The Tetori Group is a stratigraphic group in Japan, found within several basins in and around Fukui Prefecture. It is Early Cretaceous in age. It primarily consists of freshwater continental deposits, with some beds of volcanic tuffite. It primarily overlies Jurassic marine sediments or gneiss basement. Some of the units within the group are noted for their fossil content, including dinosaurs, lizards mammals and other vertebrates.

== Stratigraphy ==
The term "Tetori Group" was first used by Oishi in 1933. A significant revision was made by Maeda in 1961 which subdivided the Group into three subgroups, which in ascending order are the Kuzuryu Subgroup, the Itoshiro Subgroup and the Akaiwa Subgroup, alongside the Omichidani and Asuwa Formations, which were subsequently excluded from the group.
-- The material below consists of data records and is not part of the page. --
theorem brouwer_cube_coordwise:
  assumes maps: "\<And>x. x \<in> cube n \<Longrightarrow> f x \<in> cube n"
    and cont: "coordwise_continuous_on (cube n) n f"
  shows "\<exists>x\<in>cube n. f x = x"
proof -
  have "\<exists>x\<in>cube n. \<forall>i<n. x \<in> {x \<in> cube n. x i \<le> f x i} \<and> x \<in> {x \<in> cube n. f x i \<le> x i}"
  proof (rule poincare_miranda_cube)
    show "coordwise_closed n {x \<in> cube n. x i \<le> f x i}" "coordwise_closed n {x \<in> cube n. f x i \<le> x i}"
      if "i < n" for i
      using coordwise_closed_le[OF cont that that] by blast+
  qed (use maps in \<open>auto simp: cube_def\<close>)
  then obtain x where x: "x \<in> cube n" "\<forall>i<n. f x i = x i" by force
  have "f x = x"
  proof
    fix i show "f x i = x i"
      using x maps[OF x(1)] by (cases "i < n") (auto simp: cube_def)
  qed
  then show ?thesis using x(1) by blast
qed

section \<open>The standard simplex and the KKM lemma\<close>

text \<open>A point \<open>t\<close> of \<open>std_simplex n\<close> encodes the \<open>n + 1\<close> barycentric weights
  \<open>t 0, \<dots>, t (n - 1)\<close> and \<open>1 - (t 0 + \<dots> + t (n - 1))\<close>.\<close>
definition std_simplex :: "nat \<Rightarrow> (nat \<Rightarrow> real) set" where
  "std_simplex n = {t \<in> cube n. (\<Sum>i<n. t i) \<le> 1}"

definition simplex_weight :: "nat \<Rightarrow> (nat \<Rightarrow> real) \<Rightarrow> nat \<Rightarrow> real" where
  "simplex_weight n t j = (if j < n then t j else 1 - (\<Sum>i<n. t i))"

lemma sum_atMost_eq_sum_lessThan_plus:
  "(\<Sum>j\<le>n. g j) = (\<Sum>j<n. g j) + (g n :: 'a::comm_monoid_add)" for n :: nat
  by (metis sum.lessThan_Suc lessThan_Suc_atMost)

lemma simplex_weight_nonneg: "t \<in> std_simplex n \<Longrightarrow> j \<le> n \<Longrightarrow> 0 \<le> simplex_weight n t j"
  by (auto simp: simplex_weight_def std_simplex_def cube_def)

lemma sum_simplex_weight: "(\<Sum>j\<le>n. simplex_weight n t j) = 1"
  by (simp add: sum_atMost_eq_sum_lessThan_plus simplex_weight_def)

lemma std_simplex_iff_simplex_weight_nonneg:
  "t \<in> std_simplex n \<longleftrightarrow> (\<forall>i\<ge>n. t i = 0) \<and> (\<forall>j\<le>n. 0 \<le> simplex_weight n t j)"
proof
  assume "t \<in> std_simplex n"
  then show "(\<forall>i\<ge>n. t i = 0) \<and> (\<forall>j\<le>n. 0 \<le> simplex_weight n t j)"
    by (auto simp: std_simplex_def cube_def simplex_weight_nonneg)
next
  assume t: "(\<forall>i\<ge>n. t i = 0) \<and> (\<forall>j\<le>n. 0 \<le> simplex_weight n t j)"
  then have nonneg: "0 \<le> t i" if "i < n" for i
    using that by (auto simp: simplex_weight_def dest!: spec[of _ i])
  have sum: "(\<Sum>i<n. t i) \<le> 1" using t by (auto simp: simplex_weight_def dest!: spec[of _ n])
  have "t i \<le> 1" if "i < n" for i
    using member_le_sum[of i "{..<n}" t] nonneg sum that by fastforce
  then show "t \<in> std_simplex n" using t nonneg sum by (simp add: std_simplex_def cube_def)
qed

lemma simplex_weight_LIMSEQ:
  assumes "coordwise_LIMSEQ n ts t" "j \<le> n"
  shows "(\<lambda>k. simplex_weight n (ts k) j) \<longlonglongrightarrow> simplex_weight n t j"
proof (cases "j < n")
  case True
  then show ?thesis using assms by (simp add: simplex_weight_def coordwise_LIMSEQ_def)
next
  case False
  have "(\<lambda>k. 1 - (\<Sum>i<n. ts k i)) \<longlonglongrightarrow> 1 - (\<Sum>i<n. t i)"
    using assms by (intro tendsto_intros) (auto simp: coordwise_LIMSEQ_def)
  then show ?thesis using False by (simp add: simplex_weight_def)
qed

lemma simplex_weight_normalized:
  assumes "(\<Sum>j\<le>n. d j) \<noteq> 0" and "j \<le> n"
  shows "simplex_weight n (\<lambda>i. if i < n then d i / (\<Sum>j\<le>n. d j) else 0) j = d j / (\<Sum>j\<le>n. d j)"
proof (cases "j < n")
  case False
  then have "j = n" using assms(2) by simp
  have "(\<Sum>i<n. d i / (\<Sum>j\<le>n. d j)) = (\<Sum>i<n. d i) / (\<Sum>j\<le>n. d j)"
    by (simp add: sum_divide_distrib)
  then show ?thesis
    using assms(1) \<open>j = n\<close> sum_atMost_eq_sum_lessThan_plus[of d n]
    by (simp add: simplex_weight_def field_simps)
qed (simp add: simplex_weight_def)

lemma coordwise_closed_std_simplex: "coordwise_closed n (std_simplex n)"
  unfolding coordwise_closed_def
proof (intro allI impI)
  fix ts t assume ts: "\<forall>k. ts k \<in> std_simplex n" and t: "t \<in> cube n" and "coordwise_LIMSEQ n ts t"
  then have "(\<lambda>k. \<Sum>i<n. ts k i) \<longlonglongrightarrow> (\<Sum>i<n. t i)"
    by (intro tendsto_intros) (auto simp: coordwise_LIMSEQ_def)
  then have "(\<Sum>i<n. t i) \<le> 1"
    by (rule LIMSEQ_le_const2) (use ts in \<open>auto simp: std_simplex_def\<close>)
  then show "t \<in> std_simplex n" using t by (simp add: std_simplex_def)
qed

definition simplex_retraction :: "nat \<Rightarrow> (nat \<Rightarrow> real) \<Rightarrow> nat \<Rightarrow> real" where
  "simplex_retraction n x = (\<lambda>i. if i < n then x i / max 1 (\<Sum>i<n. x i) else 0)"

lemma simplex_retraction_in_std_simplex:
  assumes x: "x \<in> cube n"
  shows "simplex_retraction n x \<in> std_simplex n"
proof -
  have xi: "0 \<le> x i" "x i \<le> (\<Sum>i<n. x i)" if "i < n" for i
    using x that by (auto simp: cube_def intro!: member_le_sum)
  have "(\<Sum>i<n. simplex_retraction n x i) = (\<Sum>i<n. x i) / max 1 (\<Sum>i<n. x i)"
    by (simp add: simplex_retraction_def sum_divide_distrib)
  also have "\<dots> \<le> 1" by (simp add: pos_divide_le_eq)
  finally show ?thesis
    using xi unfolding std_simplex_def cube_def simplex_retraction_def
    by (auto simp: pos_divide_le_eq intro: order_trans[OF _ max.cobounded2])
qed

lemma simplex_retraction_id: "t \<in> std_simplex n \<Longrightarrow> simplex_retraction n t = t"
  by (rule ext) (auto simp: simplex_retraction_def std_simplex_def cube_def max_def)

lemma simplex_retraction_LIMSEQ:
  assumes "coordwise_LIMSEQ n xs x"
  shows "coordwise_LIMSEQ n (\<lambda>k. simplex_retraction n (xs k)) (simplex_retraction n x)"
  using assms unfolding coordwise_LIMSEQ_def simplex_retraction_def
  by (auto intro!: tendsto_divide tendsto_max tendsto_sum)

theorem brouwer_std_simplex:
  assumes maps: "\<And>t. t \<in> std_simplex n \<Longrightarrow> f t \<in> std_simplex n"
    and cont: "coordwise_continuous_on (std_simplex n) n f"
  shows "\<exists>t\<in>std_simplex n. f t = t"
proof -
  let ?g = "\<lambda>x. f (simplex_retraction n x)"
  have std_simplex_cube: "std_simplex n \<subseteq> cube n" by (auto simp: std_simplex_def)
  have "\<exists>x\<in>cube n. ?g x = x"
  proof (rule brouwer_cube_coordwise)
    show "?g x \<in> cube n" if "x \<in> cube n" for x
      using maps simplex_retraction_in_std_simplex that std_simplex_cube by blast
    show "coordwise_continuous_on (cube n) n ?g"
      unfolding coordwise_continuous_on_def
    proof (intro allI impI)
      fix xs x assume "\<forall>k. xs k \<in> cube n" "x \<in> cube n" and lim: "coordwise_LIMSEQ n xs x"
      then show "coordwise_LIMSEQ n (\<lambda>k. ?g (xs k)) (?g x)"
        using cont[unfolded coordwise_continuous_on_def, rule_format, OF _ _ simplex_retraction_LIMSEQ[OF lim]]
          simplex_retraction_in_std_simplex by blast
    qed
  qed
  then obtain x where x: "x \<in> cube n" "?g x = x" by blast
  then have "x \<in> std_simplex n" using maps simplex_retraction_in_std_simplex by metis
  then show ?thesis using x(2) simplex_retraction_id by metis
qed

definition l1_dist :: "nat \<Rightarrow> (nat \<Rightarrow> real) \<Rightarrow> (nat \<Rightarrow> real) \<Rightarrow> real" where
  "l1_dist n s t = (\<Sum>i<n. \<bar>s i - t i\<bar>)"

text \<open>The value \<open>1\<close> for the empty set keeps the distance positive off every closed set.\<close>
definition l1_setdist :: "nat \<Rightarrow> (nat \<Rightarrow> real) set \<Rightarrow> (nat \<Rightarrow> real) \<Rightarrow> real" where
  "l1_setdist n T t = (if T = {} then 1 else Inf (l1_dist n t ` T))"

lemma l1_dist_nonneg: "0 \<le> l1_dist n s t"
  by (simp add: l1_dist_def sum_nonneg)

lemma l1_dist_commute: "l1_dist n s t = l1_dist n t s"
  by (simp add: l1_dist_def abs_minus_commute)

lemma l1_dist_triangle: "l1_dist n s t \<le> l1_dist n s u + l1_dist n u t"
  unfolding l1_dist_def sum.distrib[symmetric] by (rule sum_mono) linarith

lemma abs_le_l1_dist: "i < n \<Longrightarrow> \<bar>s i - t i\<bar> \<le> l1_dist n s t"
  unfolding l1_dist_def by (rule member_le_sum) auto

lemma l1_dist_LIMSEQ_0:
  assumes "coordwise_LIMSEQ n ts t"
  shows "(\<lambda>k. l1_dist n (ts k) t) \<longlonglongrightarrow> 0"
proof -
  have "(\<lambda>k. \<Sum>i<n. \<bar>ts k i - t i\<bar>) \<longlonglongrightarrow> (\<Sum>i<n. \<bar>t i - t i\<bar>)"
    using assms by (intro tendsto_sum tendsto_rabs tendsto_diff tendsto_const) (auto simp: coordwise_LIMSEQ_def)
  then show ?thesis by (simp add: l1_dist_def)
qed

lemma l1_setdist_nonneg: "0 \<le> l1_setdist n T t"
  unfolding l1_setdist_def by (auto intro!: cInf_greatest simp: l1_dist_nonneg)

lemma l1_setdist_le: "s \<in> T \<Longrightarrow> l1_setdist n T t \<le> l1_dist n t s"
  unfolding l1_setdist_def by (auto intro!: cInf_lower bdd_belowI[of _ 0] simp: l1_dist_nonneg)

lemma l1_setdist_eq_0: "t \<in> T \<Longrightarrow> l1_setdist n T t = 0"
  using l1_setdist_le[of t T n t] l1_setdist_nonneg[of n T t] by (simp add: l1_dist_def)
Recent stratigraphic revisions have split off the Kuzuryu Subgroup into the Kuzuryu Group, which is Mid to Late Jurassic in age and is largely marine. There is significant lateral variation within the Tetori Group, with completely different sequences of formations in different areas, so it is difficult to correlate different sequences into the different subgroups, so the Itoshiro and Akaiwa subgroups are now considered depreciated.